TLSs are clusters of immune cells that form in response to chronic inflammation or long-lasting and unresolvable diseases. They aren’t usually found in healthy tissue but can develop in areas with diseases like cardiovascular disease (e.g., atherosclerosis) and cancer. We are interested in understanding what these immune cell clusters do - specifically, whether TLSs help or harm the body when they appear in diseased tissues. Current evidence suggests that TLSs have the opposite roles depending on the disease type. For example, TLSs generally have a harmful impact, fueling the immune system's attack on healthy cells and aggravating the disease in atherosclerosis and autoimmune diseases; while TLSs are believed to support anti-tumor immunity in most of cancer types, and potentially to improve survival, though their effectiveness can vary.

Therefore, we are fascinating the underlying mechanisms, we believed that understanding these impacts can guide targeted therapies in future: suppressing TLSs in autoimmune diseases and atherosclerosis and enhancing their anti-tumor functions in certain cancers.

• Define atherosclerosis as a bona fide autoimmune disease

Atherosclerosis views the disease as a complex, multi-step process driven by interactions between lipids (fats), inflammation, and immune responses within the walls of arteries. Atherosclerosis is no longer seen as just a buildup of cholesterol; it is considered a chronic inflammatory disease with characteristics of both lipid metabolism disorder and immune dysfunction. A growing body of evidence supports the idea that atherosclerosis would be an autoimmune disease. Defining atherosclerosis as an autoimmune disease could change our approach to treatment and prevention. If autoimmune mechanisms are a central factor, therapies could target the immune system’s inappropriate response instead of just focusing on lowering cholesterol or blood pressure. This shift could lead to more effective treatments, especially for individuals who continue to have atherosclerosis despite managing traditional risk factors.
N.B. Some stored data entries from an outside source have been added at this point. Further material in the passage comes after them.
(* Let $\alpha \ge 2$ be a constant and let $\gamma = 226\alpha$. Let $S$ be a set of $n$ distinct totally ordered elements. Let $A$ be a sequence of $m \ge \max\{64, \sqrt{n}\}$ elements chosen uniformly at random from $S$ without replacement (arranged in some order), and let $B$ be a set of at most $m$ elements chosen uniformly at random without replacement from $S \setminus A$. Let $d$ be an integer with $\max\{\mathrm{disl}(A), \log n\} \le d \le \frac{\sqrt{n}}{2160\alpha}$ and, for each $x \in B$, let $r_x \in \{1,\dots,m\}$ be an integer with $|r_x - \mathrm{rank}(x,A)| \le \alpha d$. Then the sequence $\widetilde{S}$ obtained by simultaneously inserting each element $x \in B$ into position $r_x$ of $A$ (breaking ties arbitrarily) has maximum dislocation at most $\gamma d$ with probability at least $1 - O(n^{-3})$.
   Context: For a set or sequence $T$ and an element $x$: $\mathrm{rank}(x,T) = 1 + |\{y\in T : y < x\}|$. For a sequence $T$ and $y \in T$, the dislocation of $y$ is $|\mathrm{pos}(y,T) - \mathrm{rank}(y,T)|$, where $\mathrm{pos}(y,T)$ is the position of $y$ in $T$; $\mathrm{disl}(T)$ is the maximum dislocation over elements of $T$. $\log$ is the binary logarithm. In the paper $\alpha$ is the constant from the noisy binary search theorem (depending only on the comparison error bound $p$). *)

theory Defs
  imports "HOL-Probability.Probability"
begin

definition rank :: "'a::linorder \<Rightarrow> 'a set \<Rightarrow> nat" where
  "rank x T = 1 + card {y \<in> T. y < x}"

definition disl :: "'a::linorder list \<Rightarrow> nat" where
  "disl T = Max (insert 0 ((\<lambda>i. nat \<bar>int (i + 1) - int (rank (T ! i) (set T))\<bar>) ` {..<length T}))"
lemma separation_enlarge:
  assumes "finite V" "separation V E X A B" "card X \<le> m" "m + 2 \<le> card V"
  shows "\<exists>X' A' B'. separation V E X' A' B' \<and> card X' = m"
  using assms(2,3)
proof (induction "m - card X" arbitrary: X A B)
  case 0
  then show ?case by auto
next
  case (Suc d)
  have s: "X \<subseteq> V" "A \<inter> B = {}" "A \<union> B = V - X"
    using Suc.prems(1) unfolding separation_def by auto
  have fin: "finite X" "finite A" "finite B"
    using s assms(1) by (metis Diff_subset finite_Un finite_subset)+
  have "card A + card B = card V - card X"
    using card_Un_disjoint[OF fin(2,3) s(2)] card_Diff_subset[OF fin(1) s(1)] s(3) by simp
  then have "2 \<le> card A \<or> 2 \<le> card B" using Suc.hyps(2) assms(4) by linarith
  moreover have "\<exists>X' A' B'. separation V E X' A' B' \<and> card X' = m"
    if sep: "separation V E X A' B'" and big: "2 \<le> card A'" for A' B'
  proof -
    obtain x where x: "x \<in> A'" using big by fastforce
    then have "A' \<noteq> {x}" using big by auto
    moreover have "x \<notin> X" using sep x unfolding separation_def by blast
    ultimately show ?thesis
      using Suc.hyps(1)[of "insert x X"] separation_move[OF sep x] Suc.hyps(2) fin(1) by simp
  qed
  ultimately show ?case using Suc.prems(1) separation_swap by blast
qed

subsection \<open>Connectivity\<close>

lemma finite_cut_cards: "finite V \<Longrightarrow> finite {card X |X. vertex_cut V E X}"
  by (rule finite_subset[of _ "{..card V}"]) (auto simp: vertex_cut_def card_mono)
(* Let $\kappa=[2\ell-1]$ for some $\ell\in\mathbb Z$, let $t=F+\check E+\kappa K^{-1}\in\mathbf U$, and define for $a\ge0$ $$\dot t^{(2a)}=\frac{t}{[2a]!}\prod_{j=-a+1}^{a-1}\bigl(t-[2j]\bigr),\qquad \dot t^{(2a+1)}=\frac{1}{[2a+1]!}\prod_{j=-a}^{a}\bigl(t-[2j]\bigr).$$ Then for every $m\ge1$, in $\mathbf U$, $$\dot t^{(2m)}=\sum_{b=0}^{2m}\sum_{a=0}^{b}\sum_{c\ge0} q^{\binom{2c}{2}-2c-b(2m-b-2c)-a(b-a)}\,\mathfrak p^{(2m-b-2c)}(\kappa)\;\check E^{(a)}\Bigl\{\begin{matrix}h;2-m\\ c\end{matrix}\Bigr\}K^{b-2m+2c}F^{(b-a)},$$ $$\dot t^{(2m-1)}=\sum_{b=0}^{2m-1}\sum_{a=0}^{b}\sum_{c\ge0} q^{\binom{2c}{2}-b(2m-b-2c-1)-a(b-a)}\,\mathfrak p^{(2m-b-2c-1)}(\kappa)\;\check E^{(a)}\Bigl\{\begin{matrix}h;2-m\\ c\end{matrix}\Bigr\}K^{b-2m+2c+1}F^{(b-a)}.$$
   Context: $q$ is an indeterminate, $[n]=\frac{q^n-q^{-n}}{q-q^{-1}}$ for $n\in\mathbb Z$, $[n]!=[1]\cdots[n]$, $[0]!=1$. $\mathbf U$ is the $\mathbb Q(q)$-algebra generated by $E,F,K^{\pm1}$ with relations $KK^{-1}=K^{-1}K=1$, $EF-FE=\frac{K-K^{-1}}{q-q^{-1}}$, $KE=q^2EK$, $KF=q^{-2}FK$. Put $\check E=q^{-1}EK^{-1}$, $\check E^{(n)}=\check E^n/[n]!$, $F^{(n)}=F^n/[n]!$. For $a\in\mathbb Z$, $n\in\mathbb N$: $\Bigl\{\begin{matrix}h;a\\ n\end{matrix}\Bigr\}=\prod_{i=1}^{n}\frac{q^{4a+4i-4}K^{-2}-q^2}{q^{4i}-1}$ (equal to $1$ for $n=0$). The polynomials $\mathfrak p_n(x)$ are defined by $\mathfrak p_0=1$, $\mathfrak p_n=0$ for $n<0$, $\mathfrak p_{n+1}=x\,\mathfrak p_n+q^{2-2n}[n][n-2]\,\mathfrak p_{n-1}$ ($n\ge0$); $\mathfrak p^{(n)}=\mathfrak p_n/[n]!$ for $n\ge0$ and $\mathfrak p^{(n)}=0$ for $n<0$. *)

theory Defs
  imports Complex_Main "HOL-Computational_Algebra.Polynomial" "HOL-Computational_Algebra.Fraction_Field"
begin

type_synonym Qq = "rat poly fract"

definition qv :: Qq where "qv = Fract [:0, 1:] 1"

definition qint :: "int \<Rightarrow> Qq" where
  "qint n = (qv powi n - qv powi (- n)) / (qv - qv powi (-1))"

definition qfact :: "nat \<Rightarrow> Qq" where
  "qfact n = (\<Prod>i\<in>{1..n}. qint (int i))"

fun frakp :: "nat \<Rightarrow> Qq \<Rightarrow> Qq" where
  "frakp 0 x = 1"
| "frakp (Suc 0) x = x"
| "frakp (Suc (Suc n)) x =
     x * frakp (Suc n) x + qv powi (2 - 2 * (int n + 1)) * qint (int n + 1) * qint (int n - 1) * frakp n x"

definition frakp_div :: "int \<Rightarrow> Qq \<Rightarrow> Qq" where
  "frakp_div n x = (if n < 0 then 0 else frakp (nat n) x / qfact (nat n))"

text \<open>A Q(q)-algebra A (ring_1 type) with structure map phi : Q(q) -> A (a unital ring
  homomorphism with central image), containing elements E, F, K, Kinv satisfying the
  defining relations of U.  Since U is the universal such algebra, an identity in the
  generators holds in U iff it holds in every such algebra.\<close>
definition U_rep :: "(Qq \<Rightarrow> 'a::ring_1) \<Rightarrow> 'a \<Rightarrow> 'a \<Rightarrow> 'a \<Rightarrow> 'a \<Rightarrow> bool" where
  "U_rep \<phi> E F K Kinv \<longleftrightarrow>
     \<phi> 1 = 1 \<and> (\<forall>x y. \<phi> (x + y) = \<phi> x + \<phi> y) \<and> (\<forall>x y. \<phi> (x * y) = \<phi> x * \<phi> y) \<and>
     (\<forall>x y. \<phi> x * y = y * \<phi> x) \<and>
     K * Kinv = 1 \<and> Kinv * K = 1 \<and>
     E * F - F * E = \<phi> (1 / (qv - qv powi (-1))) * (K - Kinv) \<and>
     K * E = \<phi> (qv ^ 2) * E * K \<and>
     K * F = \<phi> (qv powi (-2)) * F * K"

definition Kpow :: "'a::ring_1 \<Rightarrow> 'a \<Rightarrow> int \<Rightarrow> 'a" where
  "Kpow K Kinv e = (if 0 \<le> e then K ^ nat e else Kinv ^ nat (- e))"

definition dpow :: "(Qq \<Rightarrow> 'a::ring_1) \<Rightarrow> 'a \<Rightarrow> nat \<Rightarrow> 'a" where
  "dpow \<phi> X n = \<phi> (1 / qfact n) * X ^ n"

definition Echk :: "(Qq \<Rightarrow> 'a::ring_1) \<Rightarrow> 'a \<Rightarrow> 'a \<Rightarrow> 'a" where
  "Echk \<phi> E Kinv = \<phi> (qv powi (-1)) * E * Kinv"

fun hbr :: "(Qq \<Rightarrow> 'a::ring_1) \<Rightarrow> 'a \<Rightarrow> int \<Rightarrow> nat \<Rightarrow> 'a" where
  "hbr \<phi> Kinv a 0 = 1"
| "hbr \<phi> Kinv a (Suc n) = hbr \<phi> Kinv a n *
     ((\<phi> (qv powi (4 * a + 4 * int (Suc n) - 4)) * Kinv ^ 2 - \<phi> (qv ^ 2))
       * \<phi> (1 / (qv ^ (4 * Suc n) - 1)))"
• Elucidation tolerance dysfunction in chronic inflammatory diseases. 

Chronic inflammatory diseases affect millions of people and often have severe, life-long impacts. We try to understand how the immune system's failure to maintain "self-tolerance" - its ability to avoid attacking the body’s own tissues - contributes to diseases such as atherosclerosis. Tolerance dysfunction is a critical area because, in these diseases, the immune system mistakenly attacks healthy tissues, leading to chronic inflammation and tissue damage. A better understanding of this question will be crucial for disease mechanisms. By focusing on restoring tolerance, new treatments can be more precise, targeting only the dysfunctional immune pathways without compromising the entire immune system. This reduces the side effects and risks associated with broad immunosuppressive therapies, such as increased infection susceptibility.

• Developing the next generation of immunotherapies.

Understanding the above key questions, we are aiming to develop new the next generation of immunotherapies for chronic diseases. This is a major advancement in medical science, with the potential to offer safer, more effective, and more personalized treatment options.